Ashish Kalra ashish.kalra at amd.com
Thu Oct 29 17:06:38 UTC 2020


Hello Tobin,

On Wed, Oct 28, 2020 at 03:31:44PM -0400, Tobin Feldman-Fitzthum wrote:
> Hello,
> 
> Dov Murik. James Bottomley, Hubertus Franke, and I have been working on a
> plan for fast live migration of SEV and SEV-ES (and SEV-SNP when it's out
> and even hopefully Intel TDX) VMs. We have developed an approach that we
> believe is feasible and a demonstration that shows our solution to the most
> difficult part of the problem. In short, we have implemented a UEFI
> Application that can resume from a VM snapshot. We think this is the crux of
> SEV-ES live migration. After describing the context of our demo and how it
> works, we explain how it can be extended to a full SEV-ES migration. Our
> goal is to show that fast SEV and SEV-ES live migration can be implemented
> in OVMF with minimal kernel changes. We provide a blueprint for doing so.
> 
> Typically the hypervisor facilitates live migration. AMD SEV excludes the
> hypervisor from the trust domain of the guest. When a hypervisor (HV)

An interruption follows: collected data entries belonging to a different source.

lemma has_bochner_integral_sobol_numerator:
  "has_bochner_integral (cube (I - {i}) \<Otimes>\<^sub>M N)
     (\<lambda>z. variance unitI (\<lambda>t. \<phi> ((fst z)(i := t)) (snd z))) (sobol_numerator I i N \<phi>)"
proof -
  let ?P = "cube (I - {i}) \<Otimes>\<^sub>M N"
  interpret U: prob_space unitI by (rule prob_space_unitI)
  have sq: "integrable ?P (\<lambda>z. \<integral>t. (\<phi> ((fst z)(i := t)) (snd z))\<^sup>2 \<partial>unitI)"
    using integrable_cube_pair_section_integral[OF I N \<phi>(2)] by simp
  have mean: "(\<lambda>z. \<integral>t. \<phi> ((fst z)(i := t)) (snd z) \<partial>unitI) \<in> borel_measurable ?P"
    using U.borel_measurable_lebesgue_integral[OF measurable_cube_pair_section[OF I(2) \<phi>(1)]]
    by simp
  have mean_sq: "integrable ?P (\<lambda>z. (\<integral>t. \<phi> ((fst z)(i := t)) (snd z) \<partial>unitI)\<^sup>2)"
  proof (rule Bochner_Integration.integrable_bound[OF sq])
    show "(\<lambda>z. (\<integral>t. \<phi> ((fst z)(i := t)) (snd z) \<partial>unitI)\<^sup>2) \<in> borel_measurable ?P"
      using mean by measurable
    show "AE z in ?P. norm ((\<integral>t. \<phi> ((fst z)(i := t)) (snd z) \<partial>unitI)\<^sup>2)
                      \<le> norm (\<integral>t. (\<phi> ((fst z)(i := t)) (snd z))\<^sup>2 \<partial>unitI)"
      using AE_cube_pair_section_L2
      by eventually_elim
        (use variance_nonneg[OF prob_space_unitI] in \<open>auto simp: variance_def\<close>)
  qed
  have "has_bochner_integral ?P
          (\<lambda>z. (\<integral>t. (\<phi> ((fst z)(i := t)) (snd z))\<^sup>2 \<partial>unitI)
               - (\<integral>t. \<phi> ((fst z)(i := t)) (snd z) \<partial>unitI)\<^sup>2)
          ((\<integral>z. (\<integral>t. (\<phi> ((fst z)(i := t)) (snd z))\<^sup>2 \<partial>unitI) \<partial>?P)
           - (\<integral>z. (\<integral>t. \<phi> ((fst z)(i := t)) (snd z) \<partial>unitI)\<^sup>2 \<partial>?P))"
    by (intro has_bochner_integral_diff has_bochner_integral_integrable sq mean_sq)
  moreover have "(\<integral>z. (\<phi> (fst z) (snd z))\<^sup>2 \<partial>(cube I \<Otimes>\<^sub>M N))
      = (\<integral>z. (\<integral>t. (\<phi> ((fst z)(i := t)) (snd z))\<^sup>2 \<partial>unitI) \<partial>?P)"
    using integral_cube_pair_split[OF I N \<phi>(2)] by simp
  ultimately show ?thesis
    unfolding sobol_numerator_def variance_def by (simp only:)
qed

lemma sobol_numerator_nonneg: "0 \<le> sobol_numerator I i N \<phi>"
proof -
  let ?var = "\<lambda>z. variance unitI (\<lambda>t. \<phi> ((fst z)(i := t)) (snd z))"
  have "AE z in cube (I - {i}) \<Otimes>\<^sub>M N. 0 \<le> ?var z"
    using AE_cube_pair_section_L2
    by eventually_elim (auto intro: variance_nonneg[OF prob_space_unitI])
  then have "0 \<le> (\<integral>z. ?var z \<partial>(cube (I - {i}) \<Otimes>\<^sub>M N))"
    by (rule integral_nonneg_AE)
  then show ?thesis
    by (simp only: has_bochner_integral_integral_eq[OF has_bochner_integral_sobol_numerator])
qed

end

> examines the memory of an SEV guest, it will find only a ciphertext. If the
> HV moves the memory of an SEV guest, the ciphertext will be invalidated.
> Furthermore, with SEV-ES the hypervisor is largely unable to access guest
> CPU state. Thus, fast migration of SEV VMs requires support from inside the
> trust domain, i.e. the guest.
> 
> One approach is to add support for SEV Migration to the Linux kernel. This
> would allow the guest to encrypt/decrypt its own memory with a transport
> key. This approach has met some resistance. We propose a similar approach
> implemented not in Linux, but in firmware, specifically OVMF. Since OVMF
> runs inside the guest, it has access to the guest memory and CPU state. OVMF
> should be able to perform the manipulations required for live migration of
> SEV and SEV-ES guests.
> 
> The biggest challenge of this approach involves migrating the CPU state of
> an SEV-ES guest. In a normal (non-SEV migration) the HV sets the CPU state
> of the target before the target begins executing. In our approach, the HV
> starts the target and OVMF must resume to whatever state the source was in.

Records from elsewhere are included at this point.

(* Let $N\ge4$, let $e_1,\dots,e_N$ be the standard basis of $\mathbb{R}^N$, $F(x)=\prod_{i=1}^N|x-e_i|^2$, $f=\log F$, and $B=\frac1N\sum_{i=1}^N e_i$. Then $F$ has its $N$ absolute minima at $e_1,\dots,e_N$; $B$ is a critical point of $f$ whose Hessian has the eigenvalue $\frac{2N^2}{N-1}$ with multiplicity $1$ (eigenvector $B$) and the eigenvalue $2(N-3)\left(\frac{N}{N-1}\right)^2$ with multiplicity $N-1$, so $B$ is a nondegenerate local minimum; and the $N$ points $Q_i=\frac{2}{N-1}B+\frac{N-3}{N-1}e_i$ ($1\le i\le N$) are nondegenerate critical points of $f$ of negativity index $1$.
   Context: $|\cdot|$ is the Euclidean norm. The negativity index of a nondegenerate critical point is the number of negative eigenvalues of the Hessian. *)

theory Defs
  imports "HOL-Analysis.Analysis"
begin

definition ebasis :: "'n::finite \<Rightarrow> real^'n" where
  "ebasis i = axis i 1"

definition Fprod :: "real^'n::finite \<Rightarrow> real" where
  "Fprod x = (\<Prod>i\<in>UNIV. (norm (x - ebasis i))\<^sup>2)"

definition flog :: "real^'n::finite \<Rightarrow> real" where
  "flog x = ln (Fprod x)"

definition bary :: "real^'n::finite" where
  "bary = (1 / real CARD('n)) *\<^sub>R (\<Sum>i\<in>UNIV. ebasis i)"

definition Qpt :: "'n::finite \<Rightarrow> real^'n" where
  "Qpt i = (2 / (real CARD('n) - 1)) *\<^sub>R bary
          + ((real CARD('n) - 3) / (real CARD('n) - 1)) *\<^sub>R ebasis i"

definition critical_point :: "(real^'n::finite \<Rightarrow> real) \<Rightarrow> real^'n \<Rightarrow> bool" where
  "critical_point g x \<longleftrightarrow> (g has_derivative (\<lambda>h. 0)) (at x)"

definition has_hessian :: "(real^'n::finite \<Rightarrow> real) \<Rightarrow> real^'n^'n \<Rightarrow> real^'n \<Rightarrow> bool" where
  "has_hessian g H x \<longleftrightarrow>
     (\<exists>grad. (\<forall>\<^sub>F y in nhds x. (g has_derivative (\<lambda>h. grad y \<bullet> h)) (at y))
            \<and> (grad has_derivative (\<lambda>h. H *v h)) (at x))"

definition eigenspace :: "real^'n^'n::finite \<Rightarrow> real \<Rightarrow> (real^'n) set" where
  "eigenspace H l = {v. H *v v = l *\<^sub>R v}"

definition is_eigenvalue :: "real^'n^'n::finite \<Rightarrow> real \<Rightarrow> bool" where
  "is_eigenvalue H l \<longleftrightarrow> (\<exists>v. v \<noteq> 0 \<and> H *v v = l *\<^sub>R v)"

text \<open>Multiplicity of an eigenvalue (dimension of eigenspace; equals algebraic
  multiplicity for the symmetric Hessian).\<close>
definition eig_mult :: "real^'n^'n::finite \<Rightarrow> real \<Rightarrow> nat" where
  "eig_mult H l = dim (eigenspace H l)"

definition neg_index :: "real^'n^'n::finite \<Rightarrow> nat" where
  "neg_index H = (\<Sum>l\<in>{l. l < 0 \<and> is_eigenvalue H l}. eig_mult H l)"

definition nondegenerate_critical_point :: "(real^'n::finite \<Rightarrow> real) \<Rightarrow> real^'n \<Rightarrow> bool" where
  "nondegenerate_critical_point g x \<longleftrightarrow>
     critical_point g x \<and> (\<exists>H. has_hessian g H x \<and> det H \<noteq> 0)"

definition local_min :: "(real^'n::finite \<Rightarrow> real) \<Rightarrow> real^'n \<Rightarrow> bool" where
  "local_min g x \<longleftrightarrow> (\<exists>e>0. \<forall>y\<in>ball x e. g x \<le> g y)"

end

theory Submission
  imports Defs
begin

text \<open>Off the vertices, \<open>f = \<Sum>\<^sub>k ln |x - e\<^sub>k|\<^sup>2\<close>, so gradient and Hessian are explicit sums over
  the vertices; the identity \<open>\<Sum>\<^sub>k (x - e\<^sub>k)(x - e\<^sub>k)\<^sup>T = I - N B B\<^sup>T + N (x - B)(x - B)\<^sup>T\<close>
  reduces them to a few rank-one terms. At \<open>B\<close> all vertices are at the same distance, so the Hessian
  is \<open>\<nu> I + \<alpha> B B\<^sup>T\<close>. The point \<open>Q\<^sub>i\<close> lies on the segment from \<open>B\<close> to \<open>e\<^sub>i\<close>, where the
  gradient is a multiple of \<open>d = e\<^sub>i - B\<close> and all distances but the one to \<open>e\<^sub>i\<close> coincide; the
  Hessian there is \<open>\<mu> I + \<alpha> B B\<^sup>T + \<beta> d d\<^sup>T\<close> with \<open>B \<bottom> d\<close>, whose only negative eigenvalue
  is \<open>\<mu> + \<beta> |d|\<^sup>2\<close>, with eigenvector \<open>d\<close>. That \<open>B\<close> is a local minimum follows from a direct
  second-order estimate of \<open>f (B + d) - f B = \<Sum>\<^sub>k ln (1 + u\<^sub>k)\<close>.\<close>

section \<open>Sums over the vertices of the simplex\<close>

lemma ebasis_component [simp]: "ebasis k $ j = (if j = k then 1 else 0)"
  by (simp add: ebasis_def axis_def)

> We believe this to be the crux (or at least the most difficult part) of live
> migration for SEV and we hope that by demonstrating resume from EFI, we can
> show that our approach is generally feasible.
> 
> Our demo can be found at <https://nam11.safelinks.protection.outlook.com/?url=https%3A%2F%2Fgithub.com%2Fsecure-migration&data=04%7C01%7Cashish.kalra%40amd.com%7C6edb93f8936e465a9fee08d87b781d00%7C3dd8961fe4884e608e11a82d994e183d%7C0%7C0%7C637395103097650163%7CUnknown%7CTWFpbGZsb3d8eyJWIjoiMC4wLjAwMDAiLCJQIjoiV2luMzIiLCJBTiI6Ik1haWwiLCJXVCI6Mn0%3D%7C1000&sdata=dsOh3zcwSWgnpmMdcCnSoJ%2B3Ohqz175axch%2B%2Bnu73Uc%3D&reserved=0>.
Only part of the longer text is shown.